Enhanced Efficacy of Two-Dose Vaccinations with Arm Alternation

Fresh findings unveil a potential four-fold surge in immune response when individuals switch arms for each dose in multi-dose vaccinations.

A laboratory investigation spearheaded by Oregon Health & Science University (OHSU) researchers scrutinized the antibody response in 947 individuals receiving two-dose COVID-19 vaccinations during the early pandemic phase. This cohort comprised OHSU staff who volunteered for research while undergoing SARS-CoV-2 immunization, randomized to receive their second dose either in the same arm or the opposite one.

Published as a preprint in The Journal of Clinical Investigation, the study challenges the historical belief that arm selection bears no significance.

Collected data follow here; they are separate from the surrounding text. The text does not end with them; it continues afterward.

lemma OS_map_apply: "\<psi> \<in> CX \<Longrightarrow> OS_map f \<nu> \<psi> = \<nu> (\<lambda>x. \<psi> (f x))"
  by (simp add: OS_map_def o_def)

lemma OS_map_OSX:
  assumes contf: "continuous_on UNIV f" and surjf: "surj f" and nu: "\<nu> \<in> OSX"
  shows "OS_map f \<nu> \<in> OSX"
proof -
  let ?\<mu> = "OS_map f \<nu>"
  have comp: "(\<lambda>x. \<psi> (f x)) \<in> CX" if "\<psi> \<in> CX" for \<psi> using that contf by (rule CX_comp)
  have "\<nu> (\<lambda>x. \<psi> (f x)) \<in> {Inf (range \<psi>) .. Sup (range \<psi>)}" if psi: "\<psi> \<in> CX" for \<psi>
  proof -
    have "range (\<lambda>x. \<psi> (f x)) = range \<psi>" using surjf by (simp add: image_image[symmetric])
    then show ?thesis using os_top[OF nu] comp[OF psi] unfolding VX_def by (auto simp: PiE_iff)
  qed
  then have "?\<mu> \<in> topspace VX" unfolding VX_def OS_map_def by (simp add: restrict_PiE_iff o_def)
  moreover have "?\<mu> (\<lambda>_. 1) = 1" by (simp add: OS_map_apply os_norm[OF nu])
  moreover have "\<forall>\<phi>\<in>CX. \<forall>c::real. ?\<mu> (\<lambda>x. \<phi> x + c) = ?\<mu> \<phi> + c"
    by (simp add: OS_map_apply CX_addc comp os_addc[OF nu])
  moreover have "\<forall>\<phi>\<in>CX. \<forall>\<psi>\<in>CX. (\<forall>x. \<phi> x \<le> \<psi> x) \<longrightarrow> ?\<mu> \<phi> \<le> ?\<mu> \<psi>"
    by (simp add: OS_map_apply comp os_mono[OF nu])
  moreover have "\<forall>\<phi>\<in>CX. \<forall>t::real. t \<ge> 0 \<longrightarrow> ?\<mu> (\<lambda>x. t * \<phi> x) = t * ?\<mu> \<phi>"
    by (simp add: OS_map_apply CX_cmult comp os_hom[OF nu])
  moreover have "\<forall>\<phi>\<in>CX. \<forall>\<psi>\<in>CX. ?\<mu> (\<lambda>x. \<phi> x + \<psi> x) \<le> ?\<mu> \<phi> + ?\<mu> \<psi>"
    by (simp add: OS_map_apply CX_add comp os_sub[OF nu])
  ultimately show ?thesis unfolding OSX_def by blast
qed

locale open_surjection =
  fixes f :: "'a::t2_space \<Rightarrow> 'b::t2_space"
  assumes compact_dom: "compact (UNIV :: 'a set)"
    and contf: "continuous_on UNIV f"
    and openf: "\<And>U. open U \<Longrightarrow> open (f ` U)"
    and surjf: "surj f"
begin

definition fmax :: "('a \<Rightarrow> real) \<Rightarrow> 'b \<Rightarrow> real" where
  "fmax \<phi> y = Sup (\<phi> ` (f -` {y}))"

lemma fmax_attained:
  assumes "\<phi> \<in> CX"
  shows "\<exists>x. f x = y \<and> fmax \<phi> y = \<phi> x"
proof -
  have "closed (f -` {y})"
    using continuous_on_closed_vimage[OF closed_UNIV] contf closed_singleton by fastforce
  then have "compact (f -` {y})" using compact_Int_closed[OF compact_dom] by simp
  moreover have "f -` {y} \<noteq> {}" using surjf by (metis surjE vimage_singleton_eq empty_iff)
  moreover have "continuous_on (f -` {y}) \<phi>"
    using assms unfolding CX_def mem_Collect_eq by (rule continuous_on_subset) simp
  ultimately obtain x where x: "x \<in> f -` {y}" "\<forall>z\<in>f -` {y}. \<phi> z \<le> \<phi> x"
    using continuous_attains_sup by blast
  then have "Sup (\<phi> ` (f -` {y})) = \<phi> x" by (intro cSup_eq_maximum) auto
  then show ?thesis using x unfolding fmax_def by auto
qed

Analysis of serum samples obtained post-vaccination revealed a marked escalation in both the intensity and breadth of antibody response among those receiving “contralateral” shots—i.e., injections in each arm—compared to those who did not. This heightened immunity manifested three weeks post-second dose and endured beyond 13 months, exhibiting enhanced defense against both the original SARS-CoV-2 strain and the subsequent omicron variant.

While the exact mechanism remains speculative, researchers postulate that administering shots in each arm triggers distinct immune responses in the respective lymph nodes.

OHSU seized the opportunity to explore this inquiry through a series of laboratory investigations involving willing employees, yielding a string of published studies on immune response durability, breadth, and potency post-vaccination and during breakthrough infections.

Following vaccine availability in late 2020, participants pondered whether alternating arms could impact the two-dose regimen’s efficacy.

Among those consenting to arm alternation, researchers paired 54 individuals based on age, gender, and relevant vaccination-to-exposure intervals—half receiving both doses in one arm and the other half alternating. Two weeks post-second dose, no notable difference in immune response was observed. However, by the third week, blood samples exhibited significantly elevated levels of antibodies capable of binding and neutralizing SARS-CoV-2. This elevation progressively intensified over four weeks, reaching up to a four-fold surge against the omicron variant.

Given the widespread exposure to SARS-CoV-2 through vaccination or infection, the study’s focus on COVID-19 vaccines is notable. Nonetheless, researchers anticipate similar immune response enhancements in other multi-dose vaccinations, advocating for further investigation—especially concerning pediatric populations.